(* Consider the closed-loop system described in the context, where the plant satisfies Assumption A2, with fixed $\tau_p\ge0$. There exists $\kappa>0$ such that for every gain $k\in(0,\kappa)$ there exists $\bar T>0$ with the following property: let $r:[0,\infty)\to Y$ be a step function with finitely many discontinuity (jump) points such that the time difference between any two jump points is at least $\bar T$, and let $r_f\in Y$ denote its final value (its value after the last jump). If the initial state $(x(0),u_I(0))\in X=\mathbb{R}^n\times U$ satisfies $\|x(0)-\Xi(u_I(0))\|\le\varepsilon_0$, then $x(t)\to\Xi(u_{r_f})$, $u(t)\to u_{r_f}$ and $y(t)\to r_f$ as $t\to\infty$, at an exponential rate.
   Context: Plant: $\dot x=f(x,u)$, $y=g(x)$, $f\in C^2(\mathbb{R}^n\times\mathbb{R};\mathbb{R}^n)$, $g:\mathbb{R}^n\to\mathbb{R}$ locally Lipschitz. Fix $u_{min}<u_{max}$, $U=[u_{min},u_{max}]$, $U_\delta=[u_{min}-\delta,u_{max}+\delta]$. For $w\in\mathbb{R}$, $w^+=\max\{w,0\}$, $w^-=\min\{w,0\}$. Saturating integrator: $\dot u_I=\mathscr{S}(u_I,w)$, $\mathscr{S}(u_I,w)=w^+$ if $u_I\le u_{min}$, $w$ if $u_I\in(u_{min},u_{max})$, $w^-$ if $u_I\ge u_{max}$ (trajectories for $L^1$ inputs defined by continuous extension from polynomial inputs). For gains $k>0$, $\tau_p\ge0$ and reference $r(t)$, the closed-loop system is $\dot x=f(x,u_I+\tau_pk(r-g(x)))$, $\dot u_I=\mathscr{S}(u_I,k(r-g(x)))$, with plant input $u=u_I+\tau_pk(r-g(x))$ and output $y=g(x)$. Assumption A1: there exist $\delta>0$, $\Xi\in C^1(U_\delta;\mathbb{R}^n)$ with $f(\Xi(u),u)=0$ on $U_\delta$, and $\varepsilon_0>0,\lambda>0,m\ge1$ such that for each constant $u_0\in U_\delta$, solutions of $\dot x=f(x,u_0)$ with $\|x(0)-\Xi(u_0)\|\le\varepsilon_0$ satisfy $\|x(t)-\Xi(u_0)\|\le me^{-\lambda t}\|x(0)-\Xi(u_0)\|$, $t\ge0$. Assumption A2: A1 holds and $G(u):=g(\Xi(u))$ satisfies $G(b)-G(a)\ge\mu(b-a)$ for all $a<b$ in $U_\delta$, some $\mu>0$. $Y=[G(u_{min}),G(u_{max})]$; for $r\in Y$, $u_r=G^{-1}(r)$. *)

theory Defs
  imports "HOL-Analysis.Analysis"
begin

definition sat_int :: "real \<Rightarrow> real \<Rightarrow> real \<Rightarrow> real \<Rightarrow> real" where
  "sat_int umin umax uI w =
     (if uI \<le> umin then max w 0 else if uI < umax then w else min w 0)"

definition C2 :: "('a::real_normed_vector \<Rightarrow> 'b::real_normed_vector) \<Rightarrow> bool" where
  "C2 F \<longleftrightarrow> (\<exists>DF D2F.
      (\<forall>z. (F has_derivative blinfun_apply (DF z)) (at z)) \<and>
      (\<forall>z. (DF has_derivative blinfun_apply (D2F z)) (at z)) \<and>
      continuous_on UNIV D2F)"

definition locally_lipschitz :: "('a::metric_space \<Rightarrow> real) \<Rightarrow> bool" where
  "locally_lipschitz F \<longleftrightarrow>
     (\<forall>z. \<exists>e>0. \<exists>L. \<forall>a\<in>ball z e. \<forall>b\<in>ball z e. dist (F a) (F b) \<le> L * dist a b)"

definition C1_on :: "real set \<Rightarrow> (real \<Rightarrow> 'b::real_normed_vector) \<Rightarrow> bool" where
  "C1_on S F \<longleftrightarrow> (\<exists>DF. (\<forall>u\<in>S. (F has_vector_derivative DF u) (at u within S))
                       \<and> continuous_on S DF)"

definition assumption_A1 ::
  "('n::real_normed_vector \<Rightarrow> real \<Rightarrow> 'n) \<Rightarrow> real \<Rightarrow> real \<Rightarrow> real \<Rightarrow> (real \<Rightarrow> 'n)
     \<Rightarrow> real \<Rightarrow> real \<Rightarrow> real \<Rightarrow> bool" where
  "assumption_A1 f umin umax \<delta> \<Xi> \<epsilon>0 lam m \<longleftrightarrow>
     \<delta> > 0 \<and> C1_on {umin - \<delta> .. umax + \<delta>} \<Xi> \<and>
     (\<forall>u\<in>{umin - \<delta> .. umax + \<delta>}. f (\<Xi> u) u = 0) \<and>
     \<epsilon>0 > 0 \<and> lam > 0 \<and> m \<ge> 1 \<and>
     (\<forall>u0\<in>{umin - \<delta> .. umax + \<delta>}. \<forall>T (x::real \<Rightarrow> 'n).
        (\<forall>t\<in>{0..T}. (x has_vector_derivative f (x t) u0) (at t within {0..T})) \<and>
        norm (x 0 - \<Xi> u0) \<le> \<epsilon>0 \<longrightarrow>
        (\<forall>t\<in>{0..T}. norm (x t - \<Xi> u0) \<le> m * exp (- lam * t) * norm (x 0 - \<Xi> u0)))"

definition closed_loop_solution ::
  "('n::real_normed_vector \<Rightarrow> real \<Rightarrow> 'n) \<Rightarrow> ('n \<Rightarrow> real) \<Rightarrow> real \<Rightarrow> real \<Rightarrow> real \<Rightarrow> real
     \<Rightarrow> (real \<Rightarrow> real) \<Rightarrow> (real \<Rightarrow> 'n) \<Rightarrow> (real \<Rightarrow> real) \<Rightarrow> bool" where
  "closed_loop_solution f g umin umax \<tau>p k r x uI \<longleftrightarrow>
     (\<forall>t\<ge>0.
        ((\<lambda>s. f (x s) (uI s + \<tau>p * k * (r s - g (x s)))) has_integral (x t - x 0)) {0..t} \<and>
        ((\<lambda>s. sat_int umin umax (uI s) (k * (r s - g (x s)))) has_integral (uI t - uI 0)) {0..t})"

########################################

**ACTION ITEM:**
Output the entries above exactly, please, with nothing dropped.

**REPLY TO THE TASK:**
(* Consider the closed-loop system described in the context, where the plant satisfies Assumption A2, with fixed $\tau_p\ge0$. There exists $\kappa>0$ such that for every gain $k\in(0,\kappa)$ there exists $\bar T>0$ with the following property: let $r:[0,\infty)\to Y$ be a step function with finitely many discontinuity (jump) points such that the time difference between any two jump points is at least $\bar T$, and let $r_f\in Y$ denote its final value (its value after the last jump). If the initial state $(x(0),u_I(0))\in X=\mathbb{R}^n\times U$ satisfies $\|x(0)-\Xi(u_I(0))\|\le\varepsilon_0$, then $x(t)\to\Xi(u_{r_f})$, $u(t)\to u_{r_f}$ and $y(t)\to r_f$ as $t\to\infty$, at an exponential rate.
   Context: Plant: $\dot x=f(x,u)$, $y=g(x)$, $f\in C^2(\mathbb{R}^n\times\mathbb{R};\mathbb{R}^n)$, $g:\mathbb{R}^n\to\mathbb{R}$ locally Lipschitz. Fix $u_{min}<u_{max}$, $U=[u_{min},u_{max}]$, $U_\delta=[u_{min}-\delta,u_{max}+\delta]$. For $w\in\mathbb{R}$, $w^+=\max\{w,0\}$, $w^-=\min\{w,0\}$. Saturating integrator: $\dot u_I=\mathscr{S}(u_I,w)$, $\mathscr{S}(u_I,w)=w^+$ if $u_I\le u_{min}$, $w$ if $u_I\in(u_{min},u_{max})$, $w^-$ if $u_I\ge u_{max}$ (trajectories for $L^1$ inputs defined by continuous extension from polynomial inputs). For gains $k>0$, $\tau_p\ge0$ and reference $r(t)$, the closed-loop system is $\dot x=f(x,u_I+\tau_pk(r-g(x)))$, $\dot u_I=\mathscr{S}(u_I,k(r-g(x)))$, with plant input $u=u_I+\tau_pk(r-g(x))$ and output $y=g(x)$. Assumption A1: there exist $\delta>0$, $\Xi\in C^1(U_\delta;\mathbb{R}^n)$ with $f(\Xi(u),u)=0$ on $U_\delta$, and $\varepsilon_0>0,\lambda>0,m\ge1$ such that for each constant $u_0\in U_\delta$, solutions of $\dot x=f(x,u_0)$ with $\|x(0)-\Xi(u_0)\|\le\varepsilon_0$ satisfy $\|x(t)-\Xi(u_0)\|\le me^{-\lambda t}\|x(0)-\Xi(u_0)\|$, $t\ge0$. Assumption A2: A1 holds and $G(u):=g(\Xi(u))$ satisfies $G(b)-G(a)\ge\mu(b-a)$ for all $a<b$ in $U_\delta$, some $\mu>0$. $Y=[G(u_{min}),G(u_{max})]$; for $r\in Y$, $u_r=G^{-1}(r)$. *)

theory Defs
  imports "HOL-Analysis.Analysis"
begin

definition sat_int :: "real \<Rightarrow> real \<Rightarrow> real \<Rightarrow> real \<Rightarrow> real" where
  "sat_int umin umax uI w =
     (if uI \<le> umin then max w 0 else if uI < umax then w else min w 0)"

definition C2 :: "('a::real_normed_vector \<Rightarrow> 'b::real_normed_vector) \<Rightarrow> bool" where
  "C2 F \<longleftrightarrow> (\<exists>DF D2F.
      (\<forall>z. (F has_derivative blinfun_apply (DF z)) (at z)) \<and>
      (\<forall>z. (DF has_derivative blinfun_apply (D2F z)) (at z)) \<and>
      continuous_on UNIV D2F)"

definition locally_lipschitz :: "('a::metric_space \<Rightarrow> real) \<Rightarrow> bool" where
  "locally_lipschitz F \<longleftrightarrow>
     (\<forall>z. \<exists>e>0. \<exists>L. \<forall>a\<in>ball z e. \<forall>b\<in>ball z e. dist (F a) (F b) \<le> L * dist a b)"

definition C1_on :: "real set \<Rightarrow> (real \<Rightarrow> 'b::real_normed_vector) \<Rightarrow> bool" where
  "C1_on S F \<longleftrightarrow> (\<exists>DF. (\<forall>u\<in>S. (F has_vector_derivative DF u) (at u within S))
                       \<and> continuous_on S DF)"

definition assumption_A1 ::
  "('n::real_normed_vector \<Rightarrow> real \<Rightarrow> 'n) \<Rightarrow> real \<Rightarrow> real \<Rightarrow> real \<Rightarrow> (real \<Rightarrow> 'n)
     \<Rightarrow> real \<Rightarrow> real \<Rightarrow> real \<Rightarrow> bool" where
  "assumption_A1 f umin umax \<delta> \<Xi> \<epsilon>0 lam m \<longleftrightarrow>
     \<delta> > 0 \<and> C1_on {umin - \<delta> .. umax + \<delta>} \<Xi> \<and>
     (\<forall>u\<in>{umin - \<delta> .. umax + \<delta>}. f (\<Xi> u) u = 0) \<and>
     \<epsilon>0 > 0 \<and> lam > 0 \<and> m \<ge> 1 \<and>
     (\<forall>u0\<in>{umin - \<delta> .. umax + \<delta>}. \<forall>T (x::real \<Rightarrow> 'n).
        (\<forall>t\<in>{0..T}. (x has_vector_derivative f (x t) u0) (at t within {0..T})) \<and>
        norm (x 0 - \<Xi> u0) \<le> \<epsilon>0 \<longrightarrow>
        (\<forall>t\<in>{0..T}. norm (x t - \<Xi> u0) \<le> m * exp (- lam * t) * norm (x 0 - \<Xi> u0)))"

definition closed_loop_solution ::
  "('n::real_normed_vector \<Rightarrow> real \<Rightarrow> 'n) \<Rightarrow> ('n \<Rightarrow> real) \<Rightarrow> real \<Rightarrow> real \<Rightarrow> real \<Rightarrow> real
     \<Rightarrow> (real \<Rightarrow> real) \<Rightarrow> (real \<Rightarrow> 'n) \<Rightarrow> (real \<Rightarrow> real) \<Rightarrow> bool" where
  "closed_loop_solution f g umin umax \<tau>p k r x uI \<longleftrightarrow>
     (\<forall>t\<ge>0.
        ((\<lambda>s. f (x s) (uI s + \<tau>p * k * (r s - g (x s)))) has_integral (x t - x 0)) {0..t} \<and>
        ((\<lambda>s. sat_int umin umax (uI s) (k * (r s - g (x s)))) has_integral (uI t - uI 0)) {0..t})"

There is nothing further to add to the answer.